------ The records ------

(* Let $B_1\in\mathbf B$ and $B_2\in\mathrm{Mat}_{2,3}(\mathbb R)$ with $B_2\notin B_1\mathbb R$. Then $\mu\{x: p_{B_1,B_2}(x)\ne0\}>0$.
   Context: $\mathbf A=\{A_i\}_{i\in\mathcal I}\subset\mathrm{SL}(3,\mathbb R)_{>0}$ finite (determinant one, positive entries), generating a semigroup Zariski dense in $\mathrm{SL}(3,\mathbb R)$. For a $3\times3$ matrix $A$ with rows $r_{A,j}$, $\tilde x=(x_1,x_2,1)$ and $\varphi_A(x)=(\langle r_{A,1},\tilde x\rangle/\langle r_{A,3},\tilde x\rangle,\langle r_{A,2},\tilde x\rangle/\langle r_{A,3},\tilde x\rangle)$. $p$ positive probability vector, $\mu$ the compactly supported probability on $\mathbb R^2_{>0}$ with $\mu=\sum_ip_i\varphi_{A_i}\mu$. $\mathbf B$: matrices $B\in\mathrm{Mat}_{2,3}(\mathbb R)$ with rows $r_{B,1},r_{B,2}$ such that $|r_{B,2}|=1$, $r_{B,2}$ has nonnegative coordinates and $r_{B,1},r_{B,2}$ are linearly independent. For $B_1,B_2\in\mathrm{Mat}_{2,3}(\mathbb R)$, $p_{B_1,B_2}(x)=\det\begin{pmatrix}\langle r_{B_1,1},\tilde x\rangle&\langle r_{B_2,1},\tilde x\rangle\\\langle r_{B_1,2},\tilde x\rangle&\langle r_{B_2,2},\tilde x\rangle\end{pmatrix}$ for $x\in\mathbb R^2$. *)

theory Defs
  imports "HOL-Analysis.Analysis" "HOL-Probability.Probability"
begin

definition tl3 :: "real^2 \<Rightarrow> real^3" where
  "tl3 x = vector [x$1, x$2, 1]"

definition phiA :: "real^3^3 \<Rightarrow> real^2 \<Rightarrow> real^2" where
  "phiA A x = vector [ (A$1 \<bullet> tl3 x) / (A$3 \<bullet> tl3 x), (A$2 \<bullet> tl3 x) / (A$3 \<bullet> tl3 x) ]"

definition pB :: "real^3^2 \<Rightarrow> real^3^2 \<Rightarrow> real^2 \<Rightarrow> real" where
  "pB B1 B2 x = (B1$1 \<bullet> tl3 x) * (B2$2 \<bullet> tl3 x) - (B2$1 \<bullet> tl3 x) * (B1$2 \<bullet> tl3 x)"

definition Bset :: "(real^3^2) set" where
  "Bset = {B. norm (B$2) = 1 \<and> (\<forall>k. B$2$k \<ge> 0) \<and> B$1 \<noteq> B$2 \<and> independent {B$1, B$2}}"

definition SL3 :: "(real^3^3) set" where
  "SL3 = {M. det M = 1}"

definition SL3pos :: "(real^3^3) set" where
  "SL3pos = {M. det M = 1 \<and> (\<forall>i j. M$i$j > 0)}"

inductive_set semigroup_gen :: "(real^'n^'n) set \<Rightarrow> (real^'n^'n) set" for S where
  gen: "M \<in> S \<Longrightarrow> M \<in> semigroup_gen S"
| mult: "M \<in> semigroup_gen S \<Longrightarrow> N \<in> semigroup_gen S \<Longrightarrow> M ** N \<in> semigroup_gen S"

inductive matrix_poly :: "(real^'n^'m \<Rightarrow> real) \<Rightarrow> bool" where
  const: "matrix_poly (\<lambda>M. c)"
| entry: "matrix_poly (\<lambda>M. M$i$j)"
| add: "matrix_poly f \<Longrightarrow> matrix_poly g \<Longrightarrow> matrix_poly (\<lambda>M. f M + g M)"
| mult: "matrix_poly f \<Longrightarrow> matrix_poly g \<Longrightarrow> matrix_poly (\<lambda>M. f M * g M)"

definition zariski_dense_SL3 :: "(real^3^3) set \<Rightarrow> bool" where
  "zariski_dense_SL3 S \<longleftrightarrow> S \<subseteq> SL3 \<and>
     (\<forall>f. matrix_poly f \<longrightarrow> (\<forall>M\<in>S. f M = 0) \<longrightarrow> (\<forall>M\<in>SL3. f M = 0))"

end

theory Submission
  imports Defs
begin

(* If p_{B1,B2} vanished mu-almost everywhere, the lift (x, 1) of mu-almost every x would lie in
   the zero set Z of the quadratic form Q v = <r_{B1,1},v> <r_{B2,2},v> - <r_{B2,1},v> <r_{B1,2},v>,
   a closed cone. Since the A_i have positive entries, (phi_{A_i} x, 1) is a positive multiple of
   A_i (x, 1), so stationarity propagates this to: M (x, 1) \<in> Z for mu-almost every x, for every M in
   the semigroup. These are closed conditions, so by second countability a single x satisfies all of
   them. Zariski density gives Q (M (x, 1)) = 0 for all M in SL(3,R), which acts transitively on
   nonzero vectors; hence Q = 0, and independence of the rows of B1 forces B2 \<in> B1 R. *)

definition pB_hom :: "real^'n^2 \<Rightarrow> real^'n^2 \<Rightarrow> real^'n \<Rightarrow> real" where
  "pB_hom B1 B2 v = (B1$1 \<bullet> v) * (B2$2 \<bullet> v) - (B2$1 \<bullet> v) * (B1$2 \<bullet> v)"

lemma pB_eq_pB_hom_tl3: "pB B1 B2 x = pB_hom B1 B2 (tl3 x)"
  by (simp add: pB_def pB_hom_def)

lemma continuous_on_tl3: "continuous_on S tl3"
proof -
  have tl3_eq: "tl3 = (\<lambda>x. \<chi> i. if i = 1 then x$1 else if i = 2 then x$2 else 1)"
    by (simp add: tl3_def fun_eq_iff vec_eq_iff forall_3)
  show ?thesis unfolding tl3_eq
  proof (intro continuous_on_vec_lambda)
    fix i :: 3
    show "continuous_on S (\<lambda>x. if i = 1 then x$1 else if i = 2 then x$2 else 1)"
      by (cases "i = 1"; cases "i = 2") (auto intro: continuous_on_component)
  qed
qed

lemma continuous_on_pB_hom: "continuous_on S (pB_hom B1 B2)"
  unfolding pB_hom_def by (intro continuous_intros)

lemma continuous_on_pB: "continuous_on S (pB B1 B2)"
  unfolding pB_eq_pB_hom_tl3[abs_def]
  by (rule continuous_on_compose2[OF continuous_on_pB_hom continuous_on_tl3 subset_UNIV])

lemma closed_pB_hom_zero_set: "closed (pB_hom B1 B2 -` {0})"
  by (intro closed_vimage continuous_on_pB_hom) simp

lemma cone_pB_hom_zero_set: "cone (pB_hom B1 B2 -` {0})"
  by (simp add: cone_def pB_hom_def algebra_simps)

lemma matrix_poly_sum:
  "finite S \<Longrightarrow> (\<And>k. k \<in> S \<Longrightarrow> matrix_poly (f k)) \<Longrightarrow> matrix_poly (\<lambda>M. \<Sum>k\<in>S. f k M)"
  by (induction S rule: finite_induct) (auto intro: matrix_poly.intros)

------

Please print the records above exactly, leaving nothing out.

(* Let $B_1\in\mathbf B$ and $B_2\in\mathrm{Mat}_{2,3}(\mathbb R)$ with $B_2\notin B_1\mathbb R$. Then $\mu\{x: p_{B_1,B_2}(x)\ne0\}>0$.
   Context: $\mathbf A=\{A_i\}_{i\in\mathcal I}\subset\mathrm{SL}(3,\mathbb R)_{>0}$ finite (determinant one, positive entries), generating a semigroup Zariski dense in $\mathrm{SL}(3,\mathbb R)$. For a $3\times3$ matrix $A$ with rows $r_{A,j}$, $\tilde x=(x_1,x_2,1)$ and $\varphi_A(x)=(\langle r_{A,1},\tilde x\rangle/\langle r_{A,3},\tilde x\rangle,\langle r_{A,2},\tilde x\rangle/\langle r_{A,3},\tilde x\rangle)$. $p$ positive probability vector, $\mu$ the compactly supported probability on $\mathbb R^2_{>0}$ with $\mu=\sum_ip_i\varphi_{A_i}\mu$. $\mathbf B$: matrices $B\in\mathrm{Mat}_{2,3}(\mathbb R)$ with rows $r_{B,1},r_{B,2}$ such that $|r_{B,2}|=1$, $r_{B,2}$ has nonnegative coordinates and $r_{B,1},r_{B,2}$ are linearly independent. For $B_1,B_2\in\mathrm{Mat}_{2,3}(\mathbb R)$, $p_{B_1,B_2}(x)=\det\begin{pmatrix}\langle r_{B_1,1},\tilde x\rangle&\langle r_{B_2,1},\tilde x\rangle\\\langle r_{B_1,2},\tilde x\rangle&\langle r_{B_2,2},\tilde x\rangle\end{pmatrix}$ for $x\in\mathbb R^2$. *)

theory Defs
  imports "HOL-Analysis.Analysis" "HOL-Probability.Probability"
begin

definition tl3 :: "real^2 \<Rightarrow> real^3" where
  "tl3 x = vector [x$1, x$2, 1]"

definition phiA :: "real^3^3 \<Rightarrow> real^2 \<Rightarrow> real^2" where
  "phiA A x = vector [ (A$1 \<bullet> tl3 x) / (A$3 \<bullet> tl3 x), (A$2 \<bullet> tl3 x) / (A$3 \<bullet> tl3 x) ]"

definition pB :: "real^3^2 \<Rightarrow> real^3^2 \<Rightarrow> real^2 \<Rightarrow> real" where
  "pB B1 B2 x = (B1$1 \<bullet> tl3 x) * (B2$2 \<bullet> tl3 x) - (B2$1 \<bullet> tl3 x) * (B1$2 \<bullet> tl3 x)"

definition Bset :: "(real^3^2) set" where
  "Bset = {B. norm (B$2) = 1 \<and> (\<forall>k. B$2$k \<ge> 0) \<and> B$1 \<noteq> B$2 \<and> independent {B$1, B$2}}"

definition SL3 :: "(real^3^3) set" where
  "SL3 = {M. det M = 1}"

definition SL3pos :: "(real^3^3) set" where
  "SL3pos = {M. det M = 1 \<and> (\<forall>i j. M$i$j > 0)}"

inductive_set semigroup_gen :: "(real^'n^'n) set \<Rightarrow> (real^'n^'n) set" for S where
  gen: "M \<in> S \<Longrightarrow> M \<in> semigroup_gen S"
| mult: "M \<in> semigroup_gen S \<Longrightarrow> N \<in> semigroup_gen S \<Longrightarrow> M ** N \<in> semigroup_gen S"

inductive matrix_poly :: "(real^'n^'m \<Rightarrow> real) \<Rightarrow> bool" where
  const: "matrix_poly (\<lambda>M. c)"
| entry: "matrix_poly (\<lambda>M. M$i$j)"
| add: "matrix_poly f \<Longrightarrow> matrix_poly g \<Longrightarrow> matrix_poly (\<lambda>M. f M + g M)"
| mult: "matrix_poly f \<Longrightarrow> matrix_poly g \<Longrightarrow> matrix_poly (\<lambda>M. f M * g M)"

definition zariski_dense_SL3 :: "(real^3^3) set \<Rightarrow> bool" where
  "zariski_dense_SL3 S \<longleftrightarrow> S \<subseteq> SL3 \<and>
     (\<forall>f. matrix_poly f \<longrightarrow> (\<forall>M\<in>S. f M = 0) \<longrightarrow> (\<forall>M\<in>SL3. f M = 0))"

end

theory Submission
  imports Defs
begin

(* If p_{B1,B2} vanished mu-almost everywhere, the lift (x, 1) of mu-almost every x would lie in
   the zero set Z of the quadratic form Q v = <r_{B1,1},v> <r_{B2,2},v> - <r_{B2,1},v> <r_{B1,2},v>,
   a closed cone. Since the A_i have positive entries, (phi_{A_i} x, 1) is a positive multiple of
   A_i (x, 1), so stationarity propagates this to: M (x, 1) \<in> Z for mu-almost every x, for every M in
   the semigroup. These are closed conditions, so by second countability a single x satisfies all of
   them. Zariski density gives Q (M (x, 1)) = 0 for all M in SL(3,R), which acts transitively on
   nonzero vectors; hence Q = 0, and independence of the rows of B1 forces B2 \<in> B1 R. *)

definition pB_hom :: "real^'n^2 \<Rightarrow> real^'n^2 \<Rightarrow> real^'n \<Rightarrow> real" where
  "pB_hom B1 B2 v = (B1$1 \<bullet> v) * (B2$2 \<bullet> v) - (B2$1 \<bullet> v) * (B1$2 \<bullet> v)"

lemma pB_eq_pB_hom_tl3: "pB B1 B2 x = pB_hom B1 B2 (tl3 x)"
  by (simp add: pB_def pB_hom_def)

lemma continuous_on_tl3: "continuous_on S tl3"
proof -
  have tl3_eq: "tl3 = (\<lambda>x. \<chi> i. if i = 1 then x$1 else if i = 2 then x$2 else 1)"
    by (simp add: tl3_def fun_eq_iff vec_eq_iff forall_3)
  show ?thesis unfolding tl3_eq
  proof (intro continuous_on_vec_lambda)
    fix i :: 3
    show "continuous_on S (\<lambda>x. if i = 1 then x$1 else if i = 2 then x$2 else 1)"
      by (cases "i = 1"; cases "i = 2") (auto intro: continuous_on_component)
  qed
qed

lemma continuous_on_pB_hom: "continuous_on S (pB_hom B1 B2)"
  unfolding pB_hom_def by (intro continuous_intros)

lemma continuous_on_pB: "continuous_on S (pB B1 B2)"
  unfolding pB_eq_pB_hom_tl3[abs_def]
  by (rule continuous_on_compose2[OF continuous_on_pB_hom continuous_on_tl3 subset_UNIV])

lemma closed_pB_hom_zero_set: "closed (pB_hom B1 B2 -` {0})"
  by (intro closed_vimage continuous_on_pB_hom) simp

lemma cone_pB_hom_zero_set: "cone (pB_hom B1 B2 -` {0})"
  by (simp add: cone_def pB_hom_def algebra_simps)

lemma matrix_poly_sum:
  "finite S \<Longrightarrow> (\<And>k. k \<in> S \<Longrightarrow> matrix_poly (f k)) \<Longrightarrow> matrix_poly (\<lambda>M. \<Sum>k\<in>S. f k M)"
  by (induction S rule: finite_induct) (auto intro: matrix_poly.intros)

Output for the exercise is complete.